Umi.count - number of UMIs;
Umi.proportion - proportion of UMIs;
Read.count - number of reads;
Read.proportion - proportion of reads;
CDR3.nucleotide.sequence - CDR3 nucleotide sequence;
CDR3.amino.acid.sequence - CDR3 amino acid sequence;
V.gene - names of aligned Variable genes;
J.gene - names of aligned Joining genes;
D.gene - names of aligned Diversity genes;
V.end - last positions of aligned V genes (1-based);
J.start - first positions of aligned J genes (1-based);
D5.end - positions of D'5 end of aligned D genes (1-based);
D3.end - positions of D'3 end of aligned D genes (1-based);
VD.insertions - number of inserted nucleotides (N-nucleotides) at V-D junction (-1 for receptors with VJ recombination);
DJ.insertions - number of inserted nucleotides (N-nucleotides) at D-J junction (-1 for receptors with VJ recombination);
Total.insertions - total number of inserted nucleotides (number of N-nucleotides at V-J junction for receptors with VJ recombination).

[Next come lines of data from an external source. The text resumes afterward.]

(* Let $G=\langle\Sigma_\tau,Q,\rightarrow,Q^0\rangle$ be a nondeterministic automaton with secret states $Q^S\subseteq Q$, and assume $UR(Q^0)\not\subseteq Q^S$. Let $\sim_o$ be an opaque observation equivalence on $G$ and $\tilde G$ the quotient of $G$ modulo $\sim_o$ (with secret states $\{[x]\mid x\in Q^S\}$). Let $H_{ob}$ be the quotient of $det(\tilde G)$ modulo some opaque bisimulation $\approx_o$, and $H_b$ the quotient of $det(\tilde G)$ modulo some bisimulation equivalence $\approx$. Let $H_{obd}$ be the desired observer of $H_{ob}$, i.e., $H_{ob}$ with every class $[X]$ satisfying $X\subseteq\tilde Q^S$ deleted and only the reachable part kept. Let $T=TPO(det_d(G),det(G))$ and $T'=TPO(H_{obd},H_b)$ be the corresponding largest three-player observers. Then for every finite sequence $\omega$ of labels, $\omega$ labels a path starting at the initial state of $T$ if and only if $\omega$ labels a path starting at the initial state of $T'$.
   Context: Automata: a (nondeterministic) automaton $G=\langle \Sigma_\tau,Q,\rightarrow,Q^0\rangle$ has finite observable alphabet $\Sigma$, special unobservable symbol $\tau\notin\Sigma$, $\Sigma_\tau=\Sigma\cup\{\tau\}$, transition relation $\rightarrow\subseteq Q\times\Sigma_\tau\times Q$ and initial states $Q^0$. Deterministic: one initial state, no $\tau$-transitions, functional transitions. $p\overset{s}{\Rightarrow}q$ ($s\in\Sigma^*$) means a path from $p$ to $q$ whose labels, with $\tau$'s deleted, spell $s$. $UR(B)=\{q\mid b\overset{\varepsilon}{\Rightarrow}q,\ b\in B\}$. The observer $det(G)$ is the deterministic automaton over $\Sigma$ with initial state $UR(Q^0)$ and $X\xrightarrow{\sigma}Y$ iff $Y=UR(\{y\mid x\xrightarrow{\sigma}y,\ x\in X\})\neq\emptyset$, restricted to reachable states. Given secret states $Q^S$, the desired observer $det_d(G)$ is $det(G)$ with all states $X\subseteq Q^S$ deleted and only the part reachable from the initial state kept. Quotient modulo an equivalence $\sim$: states are classes $[x]$, $[x]\xrightarrow{\sigma}[y]$ iff $x'\xrightarrow{\sigma}y'$ for some $x'\in[x],y'\in[y]$, initial states are classes of initial states. A bisimulation on an automaton is an equivalence $\approx$ such that $x_1\approx x_2$ and $x_1\xrightarrow{\sigma}y_1$ imply $x_2\xrightarrow{\sigma}y_2$ for some $y_2\approx y_1$. An opaque observation equivalence on $G$ is an equivalence $\sim_o$ on $Q$ such that $x_1\sim_o x_2$ implies (i) whenever $x_1\overset{s}{\Rightarrow}y_1$ ($s\in\Sigma^*$) there is $y_2\sim_o y_1$ with $x_2\overset{s}{\Rightarrow}y_2$, and (ii) $x_1\in Q^S\iff x_2\in Q^S$. An opaque bisimulation on $det(G)$ is an equivalence $\approx_o$ on its states such that $X_1\approx_o X_2$ implies (i) whenever $X_1\xrightarrow{s}Y_1$ there is $Y_2\approx_o Y_1$ with $X_2\xrightarrow{s}Y_2$, and (ii) $X_1\subseteq Q^S\iff X_2\subseteq Q^S$. Largest three-player observer: let $D=\langle\Sigma,X_D,\rightarrow_D,d_0\rangle$ and $F=\langle\Sigma,X_F,\rightarrow_F,f_0\rangle$ be deterministic automata. Let $\epsilon$ be a fresh symbol and $\Sigma^r=\{\sigma\to\epsilon\mid\sigma\in\Sigma\}$ a set of fresh "erasure" symbols. $TPO(D,F)$ is the labeled transition system whose states are of three types: $Y$-states $(d,f)\in X_D\times X_F$; $Z$-states $Z((d,f),e)$ with $e\in\Sigma$; $W$-states $W((d,f),a)$ with $a\in\Sigma\cup\Sigma^r$. Its initial state is the $Y$-state $(d_0,f_0)$, its states are those reachable from it, and its transitions are exactly: (1) $(d,f)\xrightarrow{e}Z((d,f),e)$ whenever $e$ is defined at $f$ in $F$; (2) $Z((d,f),e)\xrightarrow{\theta}Z((d',f),e)$ for $\theta\in\Sigma$ whenever $d\xrightarrow{\theta}_D d'$; (3) $Z((d,f),e)\xrightarrow{\epsilon}W((d,f),e)$ whenever $e$ is defined at $d$ in $D$ and at $f$ in $F$; (4) $Z((d,f),e)\xrightarrow{e\to\epsilon}W((d,f),e\to\epsilon)$ whenever $e$ is defined at $f$ in $F$; (5) $W((d,f),e)\xrightarrow{e}(d',f')$ where $d\xrightarrow{e}_Dd'$ and $f\xrightarrow{e}_Ff'$; (6) $W((d,f),e\to\epsilon)\xrightarrow{e}(d,f')$ where $f\xrightarrow{e}_Ff'$. (The initial states of $D$ must exist, i.e., $D$ is nonempty.) *)

theory Defs
  imports Main
begin

text \<open>An automaton over observable alphabet of type 'a with states of type 'q.
  Transition labels are of type 'a option: None is the unobservable symbol tau,
  Some sigma is an observable symbol sigma.\<close>

record ('a, 'q) aut =
  aut_alph   :: "'a set"
  aut_states :: "'q set"
  aut_trans  :: "('q \<times> 'a option \<times> 'q) set"
  aut_init   :: "'q set"

definition automaton :: "('a, 'q) aut \<Rightarrow> bool" where
  "automaton G \<longleftrightarrow> finite (aut_alph G) \<and> finite (aut_states G)
     \<and> aut_trans G \<subseteq> aut_states G \<times> (insert None (Some ` aut_alph G)) \<times> aut_states G
     \<and> aut_init G \<subseteq> aut_states G"

definition deterministic :: "('a, 'q) aut \<Rightarrow> bool" where
  "deterministic A \<longleftrightarrow> (\<exists>q0. aut_init A = {q0})
     \<and> (\<forall>p q. (p, None, q) \<notin> aut_trans A)
     \<and> (\<forall>p s q q'. (p, s, q) \<in> aut_trans A \<longrightarrow> (p, s, q') \<in> aut_trans A \<longrightarrow> q = q')"

inductive wtrans :: "('a, 'q) aut \<Rightarrow> 'q \<Rightarrow> 'a list \<Rightarrow> 'q \<Rightarrow> bool" for G where
  wt_refl: "wtrans G p [] p"
| wt_tau:  "(p, None, q) \<in> aut_trans G \<Longrightarrow> wtrans G q s r \<Longrightarrow> wtrans G p s r"
| wt_vis:  "(p, Some \<sigma>, q) \<in> aut_trans G \<Longrightarrow> wtrans G q s r \<Longrightarrow> wtrans G p (\<sigma> # s) r"

inductive runs :: "('a, 'q) aut \<Rightarrow> 'q \<Rightarrow> 'a list \<Rightarrow> 'q \<Rightarrow> bool" for A where
  run_nil:  "runs A p [] p"
| run_cons: "(p, Some \<sigma>, q) \<in> aut_trans A \<Longrightarrow> runs A q s r \<Longrightarrow> runs A p (\<sigma> # s) r"

definition UR :: "('a, 'q) aut \<Rightarrow> 'q set \<Rightarrow> 'q set" where
  "UR G B = {q. \<exists>b\<in>B. (b, q) \<in> {(p, p'). (p, None, p') \<in> aut_trans G}\<^sup>*}"

definition det_init :: "('a, 'q) aut \<Rightarrow> 'q set" where
  "det_init G = UR G (aut_init G)"

definition det_step :: "('a, 'q) aut \<Rightarrow> 'q set \<Rightarrow> 'a \<Rightarrow> 'q set" where
  "det_step G X \<sigma> = UR G {y. \<exists>x\<in>X. (x, Some \<sigma>, y) \<in> aut_trans G}"

inductive_set det_reach :: "('a, 'q) aut \<Rightarrow> 'q set set" for G where
  dr_init: "det_init G \<in> det_reach G"
| dr_step: "X \<in> det_reach G \<Longrightarrow> \<sigma> \<in> aut_alph G \<Longrightarrow> det_step G X \<sigma> \<noteq> {}
             \<Longrightarrow> det_step G X \<sigma> \<in> det_reach G"

definition det :: "('a, 'q) aut \<Rightarrow> ('a, 'q set) aut" where
  "det G = \<lparr> aut_alph = aut_alph G,
             aut_states = det_reach G,
             aut_trans = {(X, Some \<sigma>, det_step G X \<sigma>) | X \<sigma>.
                            X \<in> det_reach G \<and> \<sigma> \<in> aut_alph G \<and> det_step G X \<sigma> \<noteq> {}},
             aut_init = {det_init G} \<rparr>"

inductive_set reach_within :: "('a, 'q) aut \<Rightarrow> 'q set \<Rightarrow> 'q set" for A K where
  rw_init: "x \<in> aut_init A \<Longrightarrow> x \<in> K \<Longrightarrow> x \<in> reach_within A K"
| rw_step: "x \<in> reach_within A K \<Longrightarrow> (x, l, y) \<in> aut_trans A \<Longrightarrow> y \<in> K
             \<Longrightarrow> y \<in> reach_within A K"

definition restrict_reach :: "('a, 'q) aut \<Rightarrow> 'q set \<Rightarrow> ('a, 'q) aut" where
  "restrict_reach A K = \<lparr> aut_alph = aut_alph A,
       aut_states = reach_within A K,
       aut_trans = {(x, l, y). (x, l, y) \<in> aut_trans A \<and> x \<in> reach_within A K
                                 \<and> y \<in> reach_within A K},
       aut_init = aut_init A \<inter> reach_within A K \<rparr>"

definition det_d :: "('a, 'q) aut \<Rightarrow> 'q set \<Rightarrow> ('a, 'q set) aut" where
  "det_d G QS = restrict_reach (det G) {X. \<not> X \<subseteq> QS}"

definition quotient :: "('a, 'q) aut \<Rightarrow> ('q \<times> 'q) set \<Rightarrow> ('a, 'q set) aut" where
  "quotient A R = \<lparr> aut_alph = aut_alph A,
       aut_states = aut_states A // R,
       aut_trans = {(R `` {x}, l, R `` {y}) | x l y. (x, l, y) \<in> aut_trans A},
       aut_init = {R `` {x} | x. x \<in> aut_init A} \<rparr>"

definition bisimulation :: "('a, 'q) aut \<Rightarrow> ('q \<times> 'q) set \<Rightarrow> bool" where
  "bisimulation A R \<longleftrightarrow> equiv (aut_states A) R \<and>
     (\<forall>x1 x2 \<sigma> y1. (x1, x2) \<in> R \<longrightarrow> (x1, \<sigma>, y1) \<in> aut_trans A \<longrightarrow>
        (\<exists>y2. (x2, \<sigma>, y2) \<in> aut_trans A \<and> (y2, y1) \<in> R))"

definition opaque_obs_equiv :: "('a, 'q) aut \<Rightarrow> 'q set \<Rightarrow> ('q \<times> 'q) set \<Rightarrow> bool" where
  "opaque_obs_equiv G QS R \<longleftrightarrow> equiv (aut_states G) R \<and>
     (\<forall>x1 x2. (x1, x2) \<in> R \<longrightarrow>
        (\<forall>s y1. wtrans G x1 s y1 \<longrightarrow> (\<exists>y2. (y2, y1) \<in> R \<and> wtrans G x2 s y2))
        \<and> (x1 \<in> QS \<longleftrightarrow> x2 \<in> QS))"

definition opaque_bisim :: "('a, 'q set) aut \<Rightarrow> 'q set \<Rightarrow> ('q set \<times> 'q set) set \<Rightarrow> bool" where
  "opaque_bisim A QS R \<longleftrightarrow> equiv (aut_states A) R \<and>
     (\<forall>X1 X2. (X1, X2) \<in> R \<longrightarrow>
        (\<forall>s Y1. runs A X1 s Y1 \<longrightarrow> (\<exists>Y2. (Y2, Y1) \<in> R \<and> runs A X2 s Y2))
        \<and> (X1 \<subseteq> QS \<longleftrightarrow> X2 \<subseteq> QS))"

datatype 'a tlabel = TSym 'a | TEps | TErase 'a  \<comment> \<open>TErase e is the symbol e \<rightarrow> \<epsilon>\<close>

Any data frame with this columns and of this class is suitable for processing with the package, hence user can generate their own table files and load them for the further analysis using read.csv, read.table and other base R functions. Please note that tcR internally expects all strings to be of class "character", not "factor". Therefore you should use R parsing functions with parameter stringsAsFactors=FALSE.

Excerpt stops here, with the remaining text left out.